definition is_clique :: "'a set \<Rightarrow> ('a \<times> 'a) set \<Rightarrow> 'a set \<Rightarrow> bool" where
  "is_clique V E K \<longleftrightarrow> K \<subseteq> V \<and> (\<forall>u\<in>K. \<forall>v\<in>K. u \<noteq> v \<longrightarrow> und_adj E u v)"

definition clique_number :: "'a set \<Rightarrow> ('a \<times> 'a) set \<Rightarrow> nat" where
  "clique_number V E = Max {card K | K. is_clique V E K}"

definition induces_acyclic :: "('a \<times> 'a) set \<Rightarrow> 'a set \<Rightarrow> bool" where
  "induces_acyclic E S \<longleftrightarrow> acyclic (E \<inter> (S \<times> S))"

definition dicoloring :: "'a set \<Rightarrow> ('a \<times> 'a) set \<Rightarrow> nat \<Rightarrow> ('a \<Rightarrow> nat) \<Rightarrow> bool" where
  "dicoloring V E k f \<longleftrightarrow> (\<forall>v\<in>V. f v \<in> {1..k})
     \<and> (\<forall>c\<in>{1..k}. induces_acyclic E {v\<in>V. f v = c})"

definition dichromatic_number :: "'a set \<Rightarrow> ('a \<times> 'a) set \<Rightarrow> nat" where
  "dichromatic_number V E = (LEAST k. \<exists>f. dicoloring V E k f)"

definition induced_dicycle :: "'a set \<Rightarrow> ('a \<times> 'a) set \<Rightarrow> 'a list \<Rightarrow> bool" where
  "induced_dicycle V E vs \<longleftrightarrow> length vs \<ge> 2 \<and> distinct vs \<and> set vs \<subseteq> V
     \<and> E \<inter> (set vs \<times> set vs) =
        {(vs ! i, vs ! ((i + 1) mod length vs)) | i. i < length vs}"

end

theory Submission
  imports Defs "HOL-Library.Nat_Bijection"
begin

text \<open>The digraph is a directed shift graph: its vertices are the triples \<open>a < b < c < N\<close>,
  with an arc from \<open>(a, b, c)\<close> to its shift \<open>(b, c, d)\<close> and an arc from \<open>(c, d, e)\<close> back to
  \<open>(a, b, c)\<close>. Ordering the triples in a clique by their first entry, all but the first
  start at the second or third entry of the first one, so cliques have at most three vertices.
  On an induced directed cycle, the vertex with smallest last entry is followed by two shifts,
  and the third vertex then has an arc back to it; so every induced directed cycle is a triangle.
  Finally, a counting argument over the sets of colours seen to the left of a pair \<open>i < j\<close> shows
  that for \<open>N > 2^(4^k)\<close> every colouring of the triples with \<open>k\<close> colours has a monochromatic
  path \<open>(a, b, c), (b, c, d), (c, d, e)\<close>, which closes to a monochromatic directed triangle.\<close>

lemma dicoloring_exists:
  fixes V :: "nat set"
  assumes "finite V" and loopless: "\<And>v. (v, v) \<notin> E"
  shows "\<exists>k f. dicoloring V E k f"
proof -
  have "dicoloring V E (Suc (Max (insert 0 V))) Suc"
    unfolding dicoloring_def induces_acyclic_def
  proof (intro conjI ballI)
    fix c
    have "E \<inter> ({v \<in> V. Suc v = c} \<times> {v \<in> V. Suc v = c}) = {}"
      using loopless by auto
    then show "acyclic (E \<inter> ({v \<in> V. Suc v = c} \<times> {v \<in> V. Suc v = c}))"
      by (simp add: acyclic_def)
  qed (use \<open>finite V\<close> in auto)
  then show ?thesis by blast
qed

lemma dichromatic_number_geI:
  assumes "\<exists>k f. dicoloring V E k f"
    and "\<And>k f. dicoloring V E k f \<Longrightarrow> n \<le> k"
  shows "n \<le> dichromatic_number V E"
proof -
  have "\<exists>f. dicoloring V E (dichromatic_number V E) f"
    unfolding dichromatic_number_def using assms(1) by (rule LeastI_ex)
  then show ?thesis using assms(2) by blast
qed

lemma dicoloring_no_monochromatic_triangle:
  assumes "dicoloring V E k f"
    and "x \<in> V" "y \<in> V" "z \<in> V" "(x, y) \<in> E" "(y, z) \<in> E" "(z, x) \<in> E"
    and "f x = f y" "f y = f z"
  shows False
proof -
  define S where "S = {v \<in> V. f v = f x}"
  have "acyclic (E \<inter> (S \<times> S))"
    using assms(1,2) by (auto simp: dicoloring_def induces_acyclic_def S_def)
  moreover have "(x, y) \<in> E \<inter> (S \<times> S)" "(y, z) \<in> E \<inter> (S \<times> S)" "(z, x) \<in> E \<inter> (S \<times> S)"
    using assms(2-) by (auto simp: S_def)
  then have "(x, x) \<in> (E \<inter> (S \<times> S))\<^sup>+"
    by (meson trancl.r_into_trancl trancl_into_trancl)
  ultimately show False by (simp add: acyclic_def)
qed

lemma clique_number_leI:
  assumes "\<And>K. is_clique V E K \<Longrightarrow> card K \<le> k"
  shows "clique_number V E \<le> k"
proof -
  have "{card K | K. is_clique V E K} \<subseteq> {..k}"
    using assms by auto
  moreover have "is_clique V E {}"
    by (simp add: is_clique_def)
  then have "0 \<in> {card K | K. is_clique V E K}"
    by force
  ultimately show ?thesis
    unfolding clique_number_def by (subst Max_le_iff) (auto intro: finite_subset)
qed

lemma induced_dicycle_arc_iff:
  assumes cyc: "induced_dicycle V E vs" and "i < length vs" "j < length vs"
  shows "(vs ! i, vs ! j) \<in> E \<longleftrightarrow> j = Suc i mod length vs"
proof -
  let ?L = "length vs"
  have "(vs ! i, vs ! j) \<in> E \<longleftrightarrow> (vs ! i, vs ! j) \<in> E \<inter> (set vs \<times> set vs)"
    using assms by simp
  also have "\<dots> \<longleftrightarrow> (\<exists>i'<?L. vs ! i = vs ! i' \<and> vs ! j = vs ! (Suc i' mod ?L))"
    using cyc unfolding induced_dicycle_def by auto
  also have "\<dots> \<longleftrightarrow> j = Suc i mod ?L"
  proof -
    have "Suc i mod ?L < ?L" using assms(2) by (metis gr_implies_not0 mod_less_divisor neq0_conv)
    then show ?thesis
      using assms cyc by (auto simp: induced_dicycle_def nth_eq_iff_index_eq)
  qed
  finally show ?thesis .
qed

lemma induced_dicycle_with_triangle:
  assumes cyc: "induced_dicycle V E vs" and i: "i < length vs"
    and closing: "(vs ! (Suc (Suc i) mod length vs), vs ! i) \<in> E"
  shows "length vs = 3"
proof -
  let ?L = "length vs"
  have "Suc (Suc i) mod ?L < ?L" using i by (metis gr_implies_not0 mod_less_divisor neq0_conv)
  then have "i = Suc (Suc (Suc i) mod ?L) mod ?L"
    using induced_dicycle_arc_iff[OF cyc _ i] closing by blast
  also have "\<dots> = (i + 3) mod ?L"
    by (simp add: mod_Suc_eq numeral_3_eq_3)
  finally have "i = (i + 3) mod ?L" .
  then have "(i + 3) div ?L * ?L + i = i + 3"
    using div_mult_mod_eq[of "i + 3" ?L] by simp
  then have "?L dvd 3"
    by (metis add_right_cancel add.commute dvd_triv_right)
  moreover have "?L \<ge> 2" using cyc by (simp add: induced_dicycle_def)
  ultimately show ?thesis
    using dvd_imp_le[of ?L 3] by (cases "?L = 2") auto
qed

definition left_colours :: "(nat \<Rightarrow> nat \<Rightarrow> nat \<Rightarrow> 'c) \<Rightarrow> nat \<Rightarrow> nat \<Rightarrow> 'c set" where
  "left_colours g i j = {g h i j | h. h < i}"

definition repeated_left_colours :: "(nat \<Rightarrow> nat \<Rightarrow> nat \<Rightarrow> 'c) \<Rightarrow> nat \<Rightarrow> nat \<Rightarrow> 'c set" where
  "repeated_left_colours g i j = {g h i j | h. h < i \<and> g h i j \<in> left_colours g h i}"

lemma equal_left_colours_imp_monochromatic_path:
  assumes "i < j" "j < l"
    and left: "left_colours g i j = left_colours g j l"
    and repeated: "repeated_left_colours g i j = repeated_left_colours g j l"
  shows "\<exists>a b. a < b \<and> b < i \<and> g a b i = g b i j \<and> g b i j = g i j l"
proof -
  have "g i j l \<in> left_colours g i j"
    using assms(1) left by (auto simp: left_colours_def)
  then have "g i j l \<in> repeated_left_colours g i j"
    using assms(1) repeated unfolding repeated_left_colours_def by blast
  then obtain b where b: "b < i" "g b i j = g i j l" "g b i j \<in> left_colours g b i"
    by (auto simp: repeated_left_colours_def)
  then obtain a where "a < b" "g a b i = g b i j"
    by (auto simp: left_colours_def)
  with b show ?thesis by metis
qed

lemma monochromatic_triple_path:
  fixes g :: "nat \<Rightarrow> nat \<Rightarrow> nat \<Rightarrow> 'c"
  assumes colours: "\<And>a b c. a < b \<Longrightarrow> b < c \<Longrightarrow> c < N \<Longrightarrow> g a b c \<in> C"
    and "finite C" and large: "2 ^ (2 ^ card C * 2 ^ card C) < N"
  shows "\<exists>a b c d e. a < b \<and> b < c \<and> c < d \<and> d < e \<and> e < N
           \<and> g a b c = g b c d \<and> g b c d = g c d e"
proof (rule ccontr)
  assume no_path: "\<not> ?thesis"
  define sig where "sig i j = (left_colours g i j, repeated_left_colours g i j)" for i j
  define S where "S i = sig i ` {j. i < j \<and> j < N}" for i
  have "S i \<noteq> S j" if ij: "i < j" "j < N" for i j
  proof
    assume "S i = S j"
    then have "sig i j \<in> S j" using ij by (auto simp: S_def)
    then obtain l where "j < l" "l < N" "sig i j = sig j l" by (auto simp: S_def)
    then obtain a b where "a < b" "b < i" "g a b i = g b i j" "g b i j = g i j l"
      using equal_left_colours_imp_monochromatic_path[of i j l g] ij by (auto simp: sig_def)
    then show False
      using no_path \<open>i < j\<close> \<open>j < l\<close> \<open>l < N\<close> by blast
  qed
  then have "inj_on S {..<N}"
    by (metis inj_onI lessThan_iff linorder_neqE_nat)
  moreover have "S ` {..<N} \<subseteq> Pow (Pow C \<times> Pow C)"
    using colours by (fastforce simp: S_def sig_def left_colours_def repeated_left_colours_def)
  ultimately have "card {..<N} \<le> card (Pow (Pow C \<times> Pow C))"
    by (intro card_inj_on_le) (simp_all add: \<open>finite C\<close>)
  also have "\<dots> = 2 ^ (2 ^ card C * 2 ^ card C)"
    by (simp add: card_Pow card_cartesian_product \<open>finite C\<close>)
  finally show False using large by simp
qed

···

Your task:
Quote exactly the stretch of lines above that starts at the first one and ends at the line with "E S \<longleftrightarrow>", and nothing beyond it.

Expected answer:
definition is_clique :: "'a set \<Rightarrow> ('a \<times> 'a) set \<Rightarrow> 'a set \<Rightarrow> bool" where
  "is_clique V E K \<longleftrightarrow> K \<subseteq> V \<and> (\<forall>u\<in>K. \<forall>v\<in>K. u \<noteq> v \<longrightarrow> und_adj E u v)"

definition clique_number :: "'a set \<Rightarrow> ('a \<times> 'a) set \<Rightarrow> nat" where
  "clique_number V E = Max {card K | K. is_clique V E K}"

definition induces_acyclic :: "('a \<times> 'a) set \<Rightarrow> 'a set \<Rightarrow> bool" where
  "induces_acyclic E S \<longleftrightarrow> acyclic (E \<inter> (S \<times> S))"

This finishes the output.